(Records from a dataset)
* * *
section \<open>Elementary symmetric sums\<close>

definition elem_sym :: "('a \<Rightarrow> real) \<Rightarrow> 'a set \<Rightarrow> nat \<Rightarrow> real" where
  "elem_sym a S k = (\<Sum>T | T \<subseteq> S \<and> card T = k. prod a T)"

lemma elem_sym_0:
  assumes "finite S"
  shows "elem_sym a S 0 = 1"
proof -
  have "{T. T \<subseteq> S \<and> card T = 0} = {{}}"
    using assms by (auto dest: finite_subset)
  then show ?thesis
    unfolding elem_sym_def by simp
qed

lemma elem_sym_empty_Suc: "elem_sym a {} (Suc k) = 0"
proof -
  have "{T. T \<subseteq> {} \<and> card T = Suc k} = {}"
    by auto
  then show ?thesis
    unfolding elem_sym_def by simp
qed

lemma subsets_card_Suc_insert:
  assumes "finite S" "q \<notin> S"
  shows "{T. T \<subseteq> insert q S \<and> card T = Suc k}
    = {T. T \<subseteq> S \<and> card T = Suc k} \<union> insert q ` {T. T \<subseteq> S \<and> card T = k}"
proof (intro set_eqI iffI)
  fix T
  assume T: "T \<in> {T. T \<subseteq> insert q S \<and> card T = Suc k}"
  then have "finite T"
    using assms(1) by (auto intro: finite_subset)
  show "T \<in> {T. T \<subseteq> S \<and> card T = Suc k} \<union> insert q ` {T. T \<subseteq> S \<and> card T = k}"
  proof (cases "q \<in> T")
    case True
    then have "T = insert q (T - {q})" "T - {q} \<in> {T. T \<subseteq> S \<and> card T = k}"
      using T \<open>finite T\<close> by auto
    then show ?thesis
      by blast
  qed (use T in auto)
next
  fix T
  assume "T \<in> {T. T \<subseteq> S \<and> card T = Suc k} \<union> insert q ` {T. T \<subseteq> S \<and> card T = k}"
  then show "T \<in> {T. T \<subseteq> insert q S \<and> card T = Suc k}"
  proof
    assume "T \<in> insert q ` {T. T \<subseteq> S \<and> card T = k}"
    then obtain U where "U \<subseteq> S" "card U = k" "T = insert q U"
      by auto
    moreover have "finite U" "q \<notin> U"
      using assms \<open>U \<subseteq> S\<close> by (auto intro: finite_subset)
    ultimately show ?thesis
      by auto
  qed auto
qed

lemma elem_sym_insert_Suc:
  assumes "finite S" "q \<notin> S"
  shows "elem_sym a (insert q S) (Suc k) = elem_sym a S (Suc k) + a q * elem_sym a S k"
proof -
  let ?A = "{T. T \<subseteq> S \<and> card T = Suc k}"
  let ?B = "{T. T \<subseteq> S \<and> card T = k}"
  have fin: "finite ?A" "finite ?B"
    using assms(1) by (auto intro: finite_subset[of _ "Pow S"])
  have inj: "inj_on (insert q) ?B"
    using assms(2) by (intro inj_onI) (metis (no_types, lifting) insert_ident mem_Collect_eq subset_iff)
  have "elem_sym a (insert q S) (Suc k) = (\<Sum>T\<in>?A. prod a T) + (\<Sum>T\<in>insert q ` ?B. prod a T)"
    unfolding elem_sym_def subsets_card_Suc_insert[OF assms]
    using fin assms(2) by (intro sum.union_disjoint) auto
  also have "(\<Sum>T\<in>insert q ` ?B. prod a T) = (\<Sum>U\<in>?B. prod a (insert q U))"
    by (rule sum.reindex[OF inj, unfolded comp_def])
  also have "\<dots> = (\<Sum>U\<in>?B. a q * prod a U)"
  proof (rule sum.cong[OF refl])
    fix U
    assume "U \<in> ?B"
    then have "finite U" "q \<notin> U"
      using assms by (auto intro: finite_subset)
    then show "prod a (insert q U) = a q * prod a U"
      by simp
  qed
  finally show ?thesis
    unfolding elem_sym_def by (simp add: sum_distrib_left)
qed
* * *
Brief:
Can you quote exactly the lines from the one containing "using assms by (auto intro: finite_subset)" through the last line of the records above, and nothing else?

Finished exercise:
      using assms by (auto intro: finite_subset)
    then show "prod a (insert q U) = a q * prod a U"
      by simp
  qed
  finally show ?thesis
    unfolding elem_sym_def by (simp add: sum_distrib_left)
qed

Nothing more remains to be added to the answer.